Accompanying this has been a distinctive form of right-wing politics. While at times Murdoch has lent the support of his newspapers to centre-left parties such as New Labour, this has always been dependent on concessions, and his media empire has consistently pushed political positions such as hostility to trade unions, jingoism, hawkish foreign policies, climate change denial, and various conservative social values. Indeed, in recent decades many of Murdoch’s newspapers and television channels have played a key role in the emergence of what has been termed a “culture war”, even including highbrow newspapers such as The Times.
The Rise of the Murdoch Dynasty is a great overview of how the world’s most powerful media mogul has amassed and wielded power, and given recent events it is vital viewing.
Aaron Ackerley is a historian of Modern British and imperial history, focusing on politics, the media, and popular culture. He is also the assistant editor of this blog. You can find him on Twitter @AaronAckerley
 Episode 1 is due to be taken down on Saturday 15th August, so best hurry. Edit: This has now thankfully been extended, so you have plenty of time to catch it!
 This is a popular image that Murdoch himself is well aware of and has at times been willing to play up to. After first being depicted in the Simpsons –at the time owned by his 20th Century Fox production company – bedecked in a prison jumpsuit as an inmate as Springwood Minimum Security Prison, he later provided his voice for another appearance where he introduced himself as “the billionaire tyrant” – a line he apparently came up with himself.
 This has a precedent with previous media moguls; while the press barons Northcliffe and Beaverbrook donated their personal papers to archives, Rothermere ordered his own to be destroyed after he died and one of the papers he controlled, the Daily Mail, continues to deny public access to its internal archives, unlike most other surviving newspapers.

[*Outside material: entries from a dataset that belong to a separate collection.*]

lemma fbm_corr_shift:
  fixes a c x y :: real
  assumes a: "0 < a" "a < 1" and c: "0 < c" "c < x" and xy: "x \<le> y"
  shows "fbm_corr a (x - c) (y - c) \<le> fbm_corr a x y"
    and "fbm_corr a (x - c) (c - y) \<le> fbm_corr a x (- y)"
proof -
  have ratio: "1 \<le> y / x" "y / x \<le> (y - c) / (x - c)"
    using c xy by (simp_all add: field_simps mult_left_mono)
  show "fbm_corr a (x - c) (y - c) \<le> fbm_corr a x y"
    using fbm_corr_one_antimono[OF a ratio] fbm_corr_eq_ratio[of x a y]
      fbm_corr_eq_ratio[of "x - c" a "y - c"] c
    by simp
  have "(c - y) / (x - c) = - ((y - c) / (x - c))"
    by (metis minus_diff_eq minus_divide_left)
  then show "fbm_corr a (x - c) (c - y) \<le> fbm_corr a x (- y)"
    using fbm_corr_one_minus_antimono[OF a ratio] fbm_corr_eq_ratio[of x a "- y"]
      fbm_corr_eq_ratio[of "x - c" a "c - y"] c
    by simp
qed

lemma fbm_corr_shift_towards_zero:
  fixes a c t s :: real
  assumes a: "0 < a" "a < 1" and c: "0 < c" "c < \<bar>t\<bar>" "c < \<bar>s\<bar>"
  shows "fbm_corr a (t - c * sgn t) (s - c * sgn s) \<le> fbm_corr a t s"
proof -
  have pos: "fbm_corr a (t - c * sgn t) (s - c * sgn s) \<le> fbm_corr a t s"
    if "c < t" "t \<le> \<bar>s\<bar>" for t s
  proof (cases "0 < s")
    case True
    then show ?thesis using fbm_corr_shift(1)[OF a c(1) that] that c(1) by simp
  next
    case False
    then show ?thesis
      using fbm_corr_shift(2)[OF a c(1), of t "- s"] that c(1) by (simp add: add.commute)
  qed
  have le: "fbm_corr a (t - c * sgn t) (s - c * sgn s) \<le> fbm_corr a t s"
    if "c < \<bar>t\<bar>" "\<bar>t\<bar> \<le> \<bar>s\<bar>" for t s
  proof (cases "0 < t")
    case True
    then show ?thesis using pos[of t s] that by simp
  next
    case False
    then have "c < - t" "- t \<le> \<bar>- s\<bar>" using that c(1) by auto
    then have "fbm_corr a (- t - c * sgn (- t)) (- s - c * sgn (- s)) \<le> fbm_corr a (- t) (- s)"
      by (rule pos)
    then show ?thesis
      using fbm_corr_minus[of a "t - c * sgn t" "s - c * sgn s"]
      by (simp add: sgn_minus fbm_corr_minus)
  qed
  show ?thesis
  proof (cases "\<bar>t\<bar> \<le> \<bar>s\<bar>")
    case True
    then show ?thesis by (rule le[OF c(2)])
  next
    case False
    then have "fbm_corr a (s - c * sgn s) (t - c * sgn t) \<le> fbm_corr a s t"
      by (intro le[OF c(3)]) simp
    then show ?thesis by (subst (1 2) fbm_corr_commute)
  qed
qed

lemma cov_cmult:
  "cov M (\<lambda>x. c * f x) (\<lambda>x. d * g x) = c * d * cov M f g"
proof -
  have "cov M (\<lambda>x. c * f x) (\<lambda>x. d * g x)
      = (\<integral>x. (c * d) * ((f x - (\<integral>y. f y \<partial>M)) * (g x - (\<integral>y. g y \<partial>M))) \<partial>M)"
    unfolding cov_def by (simp add: algebra_simps)
  also have "\<dots> = c * d * cov M f g"
    unfolding cov_def by (rule integral_mult_right_zero)
  finally show ?thesis .
qed

lemma cov_normalized_fBm:
  assumes "is_fBm M a B"
  shows "cov M (\<lambda>x. sqrt 2 * B u x / \<bar>u\<bar> powr (a / 2)) (\<lambda>x. sqrt 2 * B v x / \<bar>v\<bar> powr (a / 2))
    = fbm_corr a u v"
proof -
  have "cov M (\<lambda>x. sqrt 2 * B u x / \<bar>u\<bar> powr (a / 2)) (\<lambda>x. sqrt 2 * B v x / \<bar>v\<bar> powr (a / 2))
      = sqrt 2 / \<bar>u\<bar> powr (a / 2) * (sqrt 2 / \<bar>v\<bar> powr (a / 2)) * cov M (B u) (B v)"
    using cov_cmult[of M "sqrt 2 / \<bar>u\<bar> powr (a / 2)" "B u" "sqrt 2 / \<bar>v\<bar> powr (a / 2)" "B v"]
    by simp
  also have "\<dots> = fbm_corr a u v"
  proof -
    have "sqrt 2 / m * (sqrt 2 / n) * (X / 2) = X / (m * n)" for m n X :: real
      by (simp add: divide_simps)
    then show ?thesis
      using assms unfolding is_fBm_def fbm_corr_def by presburger
  qed
  finally show ?thesis .
qed

lemma abs_ge_if_in_lattice:
  fixes \<delta> t :: real
  assumes "t \<in> {\<delta> * of_int k | k. True}" "t \<noteq> 0"
  shows "\<bar>\<delta>\<bar> \<le> \<bar>t\<bar>"
proof -
  obtain k :: int where t: "t = \<delta> * of_int k" using assms(1) by auto
  then have "1 \<le> \<bar>real_of_int k\<bar>" using assms(2) by auto
  then show ?thesis
    unfolding t abs_mult by (simp add: mult_le_cancel_left1)
qed

theorem mainTheorem7:
  fixes M :: "'a measure" and B :: "real \<Rightarrow> 'a \<Rightarrow> real" and \<alpha> \<delta> t s :: real
  assumes "is_fBm M \<alpha> B"
    and "0 < \<alpha>" "\<alpha> < 1" "0 < \<delta>"
    and "t \<in> {\<delta> * of_int k | k. True}" "t \<noteq> 0"
    and "s \<in> {\<delta> * of_int k | k. True}" "s \<noteq> 0"
  shows "let t' = t - \<delta> / 2 * sgn t; s' = s - \<delta> / 2 * sgn s in
    cov M (\<lambda>x. sqrt 2 * B t' x / \<bar>t'\<bar> powr (\<alpha> / 2)) (\<lambda>x. sqrt 2 * B s' x / \<bar>s'\<bar> powr (\<alpha> / 2))
    \<le> cov M (\<lambda>x. sqrt 2 * B t x / \<bar>t\<bar> powr (\<alpha> / 2)) (\<lambda>x. sqrt 2 * B s x / \<bar>s\<bar> powr (\<alpha> / 2))"
proof -
  have "\<delta> / 2 < \<bar>t\<bar>" "\<delta> / 2 < \<bar>s\<bar>"
    using abs_ge_if_in_lattice[OF assms(5,6)] abs_ge_if_in_lattice[OF assms(7,8)] assms(4) by auto
  then show ?thesis
    unfolding Let_def cov_normalized_fBm[OF assms(1)]
    using assms(4) by (intro fbm_corr_shift_towards_zero[OF assms(2,3)]) simp_all
qed

end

 Though this is variable. There are some eye-opening accounts of the illegal practices that were carried out at the Sun and the News of the World, including “darks arts” such as phone hacking, blagging and the bribing of police. Conversely, former News Corp executive Les Hinton’s contribution was largely a hagiography of Murdoch. In keeping with the expected pattern, the Murdoch family declined to contribute.
 This includes the covering up of sexual harassment at Fox News, and the macho bullying that occurred at the Sun, especially under the editorship of Kelvin MacKenzie.
 The packaging of this political viewpoint has been overseen by a number of key subordinates, such as the Sun editors Larry Lamb and Kelvin MacKenzie and the Fox News chairman Roger Ailes. Lachlan Murdoch has recently displaced James to become the de facto heir to the Murdoch empire, and his political views seem even more right-wing than his father’s.
 For how this played out at the Sun, see: P. Chippindale, C. Horrie, Stick It Up Your Punter!: The Uncut Story of the Sun Newspaper (London, 1999).